Folk culture is often a way a people make sense of their experience in ways that link them meaningfully to the wider world, a picture of reality based on a set of shared assumptions about how the world works. Folk culture is, in essence, the society’s established symbolic frameworks, which highlight certain significant domains of social experience while rejecting others. Many folk cultures are a combination of worldviews that coexist in a single society; or a single worldview may dominate the way a society sees itself in the bigger picture. In addition, folk culture acts as a cultural device for understanding geographical features, societal landscapes, and historical backgrounds of folklore within a framework of socioeconomic and political domains.
Folk culture also explains the past-present continuum of folk traditions as seen in literature, inscriptions, artwork, and other items of material culture. Often, our analysis of pastoral and peasant societies gives us an understanding of environmental orientations and a physical reference within a given society or ethnic group.
One of the most important aspects of folk culture is folklore, and its place in the understanding of folk culture is essential to the overall concepts therein.

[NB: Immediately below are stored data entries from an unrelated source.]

(* Let $b,q$ be integers with $1\le q<b$. For $\ell\in[b-1]$ let $Q_\ell\in\mathbb F_2^{q\times b}$ have a single entry $1$ at position $(\ell\bmod q,\ q+(\ell\bmod(b-q)))$ and zeros elsewhere; let $Q_b=(I_q\mid \mathbf 0)\in\mathbb F_2^{q\times b}$; and let $Q_\ell=\mathbf 0$ for $b<\ell<b+q$. Then the $bq\times bq$ block matrix $(Q_{b+j-i})_{i\in[b],\,j\in[q]}$ (block row $i$, block column $j$) is invertible over $\mathbb F_2$. (In the paper this is applied with $b=b_2$ to the RD code, the blocks $Q_\ell$ being $P'_\ell$ with the bottom $T-b_1-q$ rows deleted, and with $b=b_1$, $q<b_1$, to the SR code, the blocks being $P_{(p-1)b_1+\ell}$ with the first $b_2$ rows, the last $(p-1)b_2$ rows and the last $b_2-b_1$ columns deleted.)
   Context: Convention: $m\bmod n$ denotes the representative of $m$ modulo $n$ in $\{1,\dots,n\}$ (so it takes values $1,\dots,n$). *)

theory Defs
  imports "HOL-Library.Z2" "Jordan_Normal_Form.Matrix"
begin

definition mod1 :: "nat \<Rightarrow> nat \<Rightarrow> nat" where
  "mod1 m n = ((m - 1) mod n) + 1"

text \<open>Entry (r,c) (1-based, r \<in> [q], c \<in> [b]) of the block Q_l over F_2 (type bit).\<close>
definition Qentry :: "nat \<Rightarrow> nat \<Rightarrow> nat \<Rightarrow> nat \<Rightarrow> nat \<Rightarrow> bit" where
  "Qentry b q l r c =
     (if 1 \<le> l \<and> l \<le> b - 1 then
        (if r = mod1 l q \<and> c = q + mod1 l (b - q) then 1 else 0)
      else if l = b then (if r = c then 1 else 0)
      else 0)"

text \<open>The bq x bq block matrix (Q_{b+j-i}), block row i \<in> [b], block column j \<in> [q];
  0-based global indices: row (i-1)*q + (r-1), column (j-1)*b + (c-1).\<close>
definition blockQ :: "nat \<Rightarrow> nat \<Rightarrow> bit mat" where
  "blockQ b q = mat (b * q) (b * q) (\<lambda>(x, y).
     (let i = x div q + 1; r = x mod q + 1; j = y div b + 1; c = y mod b + 1
      in Qentry b q (b + j - i) r c))"

end

(*
  Index rows by (block row i, row r) and columns by (block column j, column c), 0-based.
  The left q columns of every block column meet only the identity block Q_b, which lies on
  the block diagonal, so they are distinct unit vectors. A row in block row i >= q meets
  only single-entry blocks Q_l with l = b + j - i < b; since l mod q determines j, such a
  row has at most one entry 1, and as i runs over the b - q lower block rows every right
  column (c >= q) occurs as the only 1 of some row. So a kernel vector first vanishes on the
  right columns, and then on the left ones: the row holding the 1 of a left column has its
  other nonzero entries in right columns only.
*)

theory Submission
  imports Defs "Jordan_Normal_Form.Determinant" "HOL-Number_Theory.Cong"
begin

lemma invertible_mat_if_trivial_kernel:
  fixes A :: "'a::field mat"
  assumes A: "A \<in> carrier_mat n n"
    and kernel: "\<And>v. v \<in> carrier_vec n \<Longrightarrow> A *\<^sub>v v = 0\<^sub>v n \<Longrightarrow> v = 0\<^sub>v n"
  shows "invertible_mat A"
proof -
  have "det A \<noteq> 0"
    using det_0_iff_vec_prod_zero[OF A] kernel by blast
  then have "A \<in> Units (ring_mat TYPE('a) n ())"
    by (rule det_non_zero_imp_unit[OF A])
  then obtain B where "B \<in> carrier_mat n n" "B * A = 1\<^sub>m n" "A * B = 1\<^sub>m n"
    unfolding Units_def ring_mat_def by auto
  with A show ?thesis
    unfolding invertible_mat_def inverts_mat_def by auto
qed

lemma index_zero_if_isolated_in_row:
  fixes A :: "'a::semiring_no_zero_divisors mat"
  assumes "(A *\<^sub>v v) $ x = 0" "x < dim_row A" "dim_vec v = dim_col A"
    and "y < dim_col A" "A $$ (x, y) \<noteq> 0"
    and isolated: "\<And>y'. y' < dim_col A \<Longrightarrow> y' \<noteq> y \<Longrightarrow> A $$ (x, y') * v $ y' = 0"
  shows "v $ y = 0"
proof -
  have "0 = (\<Sum>y'\<in>{0..<dim_col A}. A $$ (x, y') * v $ y')"
    using assms(1-3) by (simp add: scalar_prod_def)
  also have "\<dots> = (\<Sum>y'\<in>{y}. A $$ (x, y') * v $ y')"
    using assms(4) isolated by (intro sum.mono_neutral_right) auto
  finally show ?thesis
    using assms(5) by simp
qed

lemma exists_add_mod_eq:
  fixes k :: nat
  assumes "0 < k" "c < k"
  obtains s where "s < k" "(j + s) mod k = c"
proof (rule that)
  have "j \<le> k * j"
    using assms(1) by simp
  then have "j + (c + k * j - j) = c + k * j"
    by linarith
  then show "(j + (c + k * j - j) mod k) mod k = c"
    using assms by (simp add: mod_add_right_eq)
qed (use assms in simp)

lemma add_mod_cancel_right_less:
  fixes j j' :: nat
  assumes "j < k" "j' < k" "(j + s) mod k = (j' + s) mod k"
  shows "j = j'"
  using assms by (metis cong_add_rcancel_nat cong_def mod_less)

lemma mult_add_less_mult:
  fixes i r :: nat
  assumes "i < b" "r < q"
  shows "i * q + r < b * q"
proof -
  have "i * q + r < Suc i * q"
    using assms(2) by simp
  also have "\<dots> \<le> b * q"
    using assms(1) by (intro mult_le_mono1) simp
  finally show ?thesis .
qed

lemma less_mult_cases:
  fixes y :: nat
  assumes "y < b * q"
  obtains j c where "j < q" "c < b" "y = j * b + c"
proof (rule that)
  show "y div b < q"
    using assms by (simp add: less_mult_imp_div_less mult.commute)
  show "y mod b < b"
    using assms by (cases "b = 0") simp_all
qed simp

lemma dim_row_blockQ [simp]: "dim_row (blockQ b q) = b * q"
  by (simp add: blockQ_def)

lemma dim_col_blockQ [simp]: "dim_col (blockQ b q) = b * q"
  by (simp add: blockQ_def)

lemma blockQ_carrier: "blockQ b q \<in> carrier_mat (b * q) (b * q)"
  by (simp add: carrier_matI)

lemma index_blockQ:
  assumes "i < b" "r < q" "j < q" "c < b"
  shows "blockQ b q $$ (i * q + r, j * b + c) = Qentry b q (b + j - i) (Suc r) (Suc c)"
proof -
  have "i * q + r < b * q" "j * b + c < b * q"
    using mult_add_less_mult[of i b r q] mult_add_less_mult[of j q c b] assms
    by (simp_all add: mult.commute)
  then show ?thesis
    using assms by (simp add: blockQ_def)
qed

lemma index_blockQ_left_column:
  assumes "q < b" "i < b" "r < q" "j < q" "c < q"
  shows "blockQ b q $$ (i * q + r, j * b + c) = (if i = j \<and> r = c then 1 else 0)"
  using assms by (auto simp: index_blockQ Qentry_def mod1_def)

lemma index_blockQ_lower_row:
  assumes "q \<le> i" "i < b" "r < q" "j < q" "c < b"
  shows "blockQ b q $$ (i * q + r, j * b + c) =
    (if r = (j + (b - Suc i)) mod q \<and> c = q + (j + (b - Suc i)) mod (b - q) then 1 else 0)"
proof -
  have "1 \<le> b + j - i" "b + j - i \<le> b - 1" "b + j - i - 1 = j + (b - Suc i)"
    using assms by auto
  then show ?thesis
    using assms by (simp add: index_blockQ Qentry_def mod1_def)
qed

lemma blockQ_kernel_right_column:
  assumes "q < b" "v \<in> carrier_vec (b * q)" "blockQ b q *\<^sub>v v = 0\<^sub>v (b * q)"
    and "j < q" "q \<le> c" "c < b"
  shows "v $ (j * b + c) = 0"
proof -
  have "0 < b - q" "c - q < b - q"
    using assms(1,5,6) by auto
  then obtain s where s: "s < b - q" "(j + s) mod (b - q) = c - q"
    by (rule exists_add_mod_eq)
  \<comment> \<open>In block row i = b - 1 - s the block index satisfies l - 1 = j' + s.\<close>
  define i where "i = b - Suc s"
  define r where "r = (j + s) mod q"
  have i: "q \<le> i" "i < b" "b - Suc i = s"
    using s(1) unfolding i_def by auto
  have r: "r < q"
    using assms(4) unfolding r_def by simp
  have entry: "blockQ b q $$ (i * q + r, j' * b + c') = (if j' = j \<and> c' = c then 1 else 0)"
    if "j' < q" "c' < b" for j' c'
  proof -
    have "r = (j' + s) mod q \<longleftrightarrow> j' = j"
      using add_mod_cancel_right_less[of j q j' s] assms(4) that(1) unfolding r_def by auto
    then show ?thesis
      using index_blockQ_lower_row[OF i(1,2) r that] i(3) s(2) assms(5) by auto
  qed
  have index_less: "i * q + r < b * q" "j * b + c < b * q"
    using mult_add_less_mult[OF i(2) r] mult_add_less_mult[OF assms(4,6)]
    by (simp_all add: mult.commute)
  show ?thesis
  proof (rule index_zero_if_isolated_in_row[of "blockQ b q" v "i * q + r"])
    fix y' assume "y' < dim_col (blockQ b q)" "y' \<noteq> j * b + c"
    then obtain j' c' where "j' < q" "c' < b" "y' = j' * b + c'" "y' \<noteq> j * b + c"
      by (auto elim: less_mult_cases)
    then show "blockQ b q $$ (i * q + r, y') * v $ y' = 0"
      using entry by auto
  qed (use assms entry index_less in auto)
qed

lemma blockQ_kernel_left_column:
  assumes "q < b" "v \<in> carrier_vec (b * q)" "blockQ b q *\<^sub>v v = 0\<^sub>v (b * q)"
    and "j < q" "c < q"
  shows "v $ (j * b + c) = 0"
proof (rule index_zero_if_isolated_in_row[of "blockQ b q" v "j * q + c"])
  have "j < b" "c < b"
    using assms(1,4,5) by auto
  then have "j * q + c < b * q" "j * b + c < b * q"
    using mult_add_less_mult[of j b c q] mult_add_less_mult[of j q c b] assms(4,5)
    by (simp_all add: mult.commute)
  then show "(blockQ b q *\<^sub>v v) $ (j * q + c) = 0" "j * q + c < dim_row (blockQ b q)"
    "dim_vec v = dim_col (blockQ b q)" "j * b + c < dim_col (blockQ b q)"
    "blockQ b q $$ (j * q + c, j * b + c) \<noteq> 0"
    using assms index_blockQ_left_column[OF assms(1) \<open>j < b\<close> assms(5,4,5)] by auto
  fix y' assume "y' < dim_col (blockQ b q)" "y' \<noteq> j * b + c"
  then obtain j' c' where y': "j' < q" "c' < b" "y' = j' * b + c'" "y' \<noteq> j * b + c"
    by (auto elim: less_mult_cases)
  show "blockQ b q $$ (j * q + c, y') * v $ y' = 0"
  proof (cases "q \<le> c'")
    case True
    then show ?thesis
      using blockQ_kernel_right_column[OF assms(1-3) y'(1) True y'(2)] y'(3) by simp
  next
    case False
    then show ?thesis
      using index_blockQ_left_column[OF assms(1) \<open>j < b\<close> assms(5) y'(1)] y' by auto
  qed
qed

lemma blockQ_kernel_trivial:
  assumes "q < b" "v \<in> carrier_vec (b * q)" "blockQ b q *\<^sub>v v = 0\<^sub>v (b * q)"
  shows "v = 0\<^sub>v (b * q)"
proof (rule eq_vecI)
  fix y assume "y < dim_vec (0\<^sub>v (b * q))"
  then obtain j c where "j < q" "c < b" "y = j * b + c"
    by (auto elim: less_mult_cases)
  then show "v $ y = 0\<^sub>v (b * q) $ y"
    using blockQ_kernel_left_column[OF assms] blockQ_kernel_right_column[OF assms]
      \<open>y < dim_vec (0\<^sub>v (b * q))\<close> by (cases "q \<le> c") auto
qed (use assms(2) in simp)

theorem mainTheorem10:
  fixes b q :: nat
  assumes "1 \<le> q" and "q < b"
  shows "invertible_mat (blockQ b q)"
  using invertible_mat_if_trivial_kernel[OF blockQ_carrier] blockQ_kernel_trivial[OF assms(2)]
  by blast

end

Folklore is the traditional art, literature, knowledge, and practice that are circulated largely through oral communication and behavioral archetypes. Most societies with a sense of themselves have possession of a shared identity, and a central part of that identity has to do with folk traditions, the things that people traditionally believe (planting practices, family traditions), do (dance, make music, sew clothing), know (how to build an irrigation dam, how to nurse an ailment, how to prepare barbecue), make (architecture, art, craft), and say (personal experience stories, riddles, song lyrics).

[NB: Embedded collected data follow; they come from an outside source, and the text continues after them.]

text \<open>Strands 1,2,3 are the three branches through the vanishing
  triangle, numbered in the cyclic order in which the curve visits them;
  a = crossing of strands 1,2, b = of 2,3, c = of 3,1; h1,h2,h3 are the
  (distinct) heights, the higher strand passing over.  The flag f_k is True
  iff strand k meets its crossing with strand k-1 before its crossing with
  strand k+1 (indices mod 3), i.e. iff, in the triangle of the diagram, side
  k is directed along the orientation of the triangle given by the cyclic
  order 1,2,3.  The move reverses the order on every strand.  The sign
  condition (with global orientation mu) is exactly the condition that the
  crossing signs come from three oriented lines in the plane bounding a
  triangle with these orders.\<close>

definition dlt :: "bool \<Rightarrow> int" where
  "dlt f = (if f then 1 else -1)"

definition psgn :: "nat \<Rightarrow> nat \<Rightarrow> int" where
  "psgn hi hj = (if hi > hj then 1 else -1)"

definition P1 :: "'c \<Rightarrow> 'c \<Rightarrow> 'c \<Rightarrow> nat \<Rightarrow> nat \<Rightarrow> nat \<Rightarrow> bool \<Rightarrow> ('c \<times> bool) list" where
  "P1 a b c h1 h2 h3 f = (if f then [(c, h1 > h3), (a, h1 > h2)] else [(a, h1 > h2), (c, h1 > h3)])"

Folk culture flows through the realm of behavior, or more precisely, social action in which cultural forms find articulation. Thus, folk culture forms find voice in artifacts and in various states of consciousness, but these forms draw their meaning from the role they play, “its use” in an on going pattern of life, not from any intrinsic relationship they bear to one another. Folk cultural language in this sense is more than mere communications; the nature of the language as a tool or product of folk culture structures the perception of the outside world, emphasizing certain aspects over others. Thus, folk cultural language establishes a form of communications that helps a society articulate the deeper folk and cultural meanings that define that society’s development, and describes a way for members in such a society to deal with their environment. Folk cultural language is made up of the myths and legends, folktales, and folklores that define and structure societal language. Often, these elements of folk culture are interchangeable, and their features frequently overlap, but a society’s folk cultural language and its elements describe actions of divine beings to explain the origins of the natural world in its past.